## INFORMATION SUPPLIED
(* Let $\ell_1$ and $\ell_2$ be two lines of a Desargues affine plane, let $O,I$ be distinct points of $\ell_1$, and let $P_P:\ell_1\to\ell_2$ be a parallel projection. Put $O'=P_P(O)$, $I'=P_P(I)$. Then for all points $A,B,C,D\in\ell_1$ with $A\neq D$ and $B\neq C$, \[ P_P\big(c_r(A,B;C,D)\big)=c_r'\big(P_P(A),P_P(B);P_P(C),P_P(D)\big), \] where $c_r$ is the cross ratio computed in the skew field of $\ell_1$ with zero $O$ and unit $I$, and $c_r'$ is the cross ratio computed in the skew field of $\ell_2$ with zero $O'$ and unit $I'$.
   Context: A Desargues affine plane is an affine plane (any two distinct points lie on exactly one line; through a point not on a line $\ell$ there is exactly one line missing $\ell$; there are three non-collinear points) in which Desargues' axiom holds (both when the lines joining corresponding vertices of the two triangles are parallel and when they are concurrent). For distinct points $O,I$ on a line $\ell^{OI}$ and a point $X$ and line $m$, let $\ell^{X}_{m}$ denote the line through $X$ parallel to $m$. Addition of $A,B\in\ell^{OI}$: choose $B_1\notin\ell^{OI}$, let $P_1=\ell^{B_1}_{OI}\cap\ell^{A}_{OB_1}$, and set $A+B=\ell^{P_1}_{BB_1}\cap\ell^{OI}$. Multiplication: choose $B_1\notin\ell^{OI}$, let $P_1=\ell^{A}_{IB_1}\cap\ell^{OB_1}$, and set $A\cdot B=\ell^{P_1}_{BB_1}\cap\ell^{OI}$. With these operations $(\ell^{OI},+,\cdot)$ is a skew field with zero $O$ and unit $I$; $-X$, $X^{-1}$ denote inverses and $X-Y=X+(-Y)$. The cross ratio (w.r.t. base points $O,I$) of $A,B,C,D$ with $A\neq D$, $B\neq C$ is $c_r(A,B;C,D)=\big[(A-D)^{-1}(B-D)\big]\big[(B-C)^{-1}(A-C)\big]$. A parallel projection between lines $\ell_1,\ell_2$ is a map $P_P:\ell_1\to\ell_2$ such that for all $A,B\in\ell_1$ the lines $A\,P_P(A)$ and $B\,P_P(B)$ are parallel (all such connecting lines have one common direction); it is a bijection. *)

theory Defs
  imports Main
begin

definition line_through :: "'p set set \<Rightarrow> 'p \<Rightarrow> 'p \<Rightarrow> 'p set" where
  "line_through L P Q = (THE l. l \<in> L \<and> P \<in> l \<and> Q \<in> l)"

definition parallel :: "'p set set \<Rightarrow> 'p set \<Rightarrow> 'p set \<Rightarrow> bool" where
  "parallel L l m \<longleftrightarrow> l \<in> L \<and> m \<in> L \<and> (l = m \<or> l \<inter> m = {})"

definition par_through :: "'p set set \<Rightarrow> 'p \<Rightarrow> 'p set \<Rightarrow> 'p set" where
  "par_through L X m = (THE l. l \<in> L \<and> X \<in> l \<and> parallel L l m)"

definition meet :: "'p set \<Rightarrow> 'p set \<Rightarrow> 'p" where
  "meet l m = (THE P. P \<in> l \<and> P \<in> m)"

definition collinear3 :: "'p set set \<Rightarrow> 'p \<Rightarrow> 'p \<Rightarrow> 'p \<Rightarrow> bool" where
  "collinear3 L A B C \<longleftrightarrow> (\<exists>l\<in>L. A \<in> l \<and> B \<in> l \<and> C \<in> l)"

definition affine_plane :: "'p set set \<Rightarrow> bool" where
  "affine_plane L \<longleftrightarrow>
     (\<forall>P Q. P \<noteq> Q \<longrightarrow> (\<exists>!l. l \<in> L \<and> P \<in> l \<and> Q \<in> l)) \<and>
     (\<forall>l\<in>L. \<forall>P. P \<notin> l \<longrightarrow> (\<exists>!m. m \<in> L \<and> P \<in> m \<and> m \<inter> l = {})) \<and>
     (\<exists>A B C. \<not> collinear3 L A B C)"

## WHAT TO WORK ON
Nothing but the lines from the one with "(\<forall>P Q. P" through the end of the data above should be repeated, each exactly as it stands.

## ANSWER AREA
     (\<forall>P Q. P \<noteq> Q \<longrightarrow> (\<exists>!l. l \<in> L \<and> P \<in> l \<and> Q \<in> l)) \<and>
     (\<forall>l\<in>L. \<forall>P. P \<notin> l \<longrightarrow> (\<exists>!m. m \<in> L \<and> P \<in> m \<and> m \<inter> l = {})) \<and>
     (\<exists>A B C. \<not> collinear3 L A B C)"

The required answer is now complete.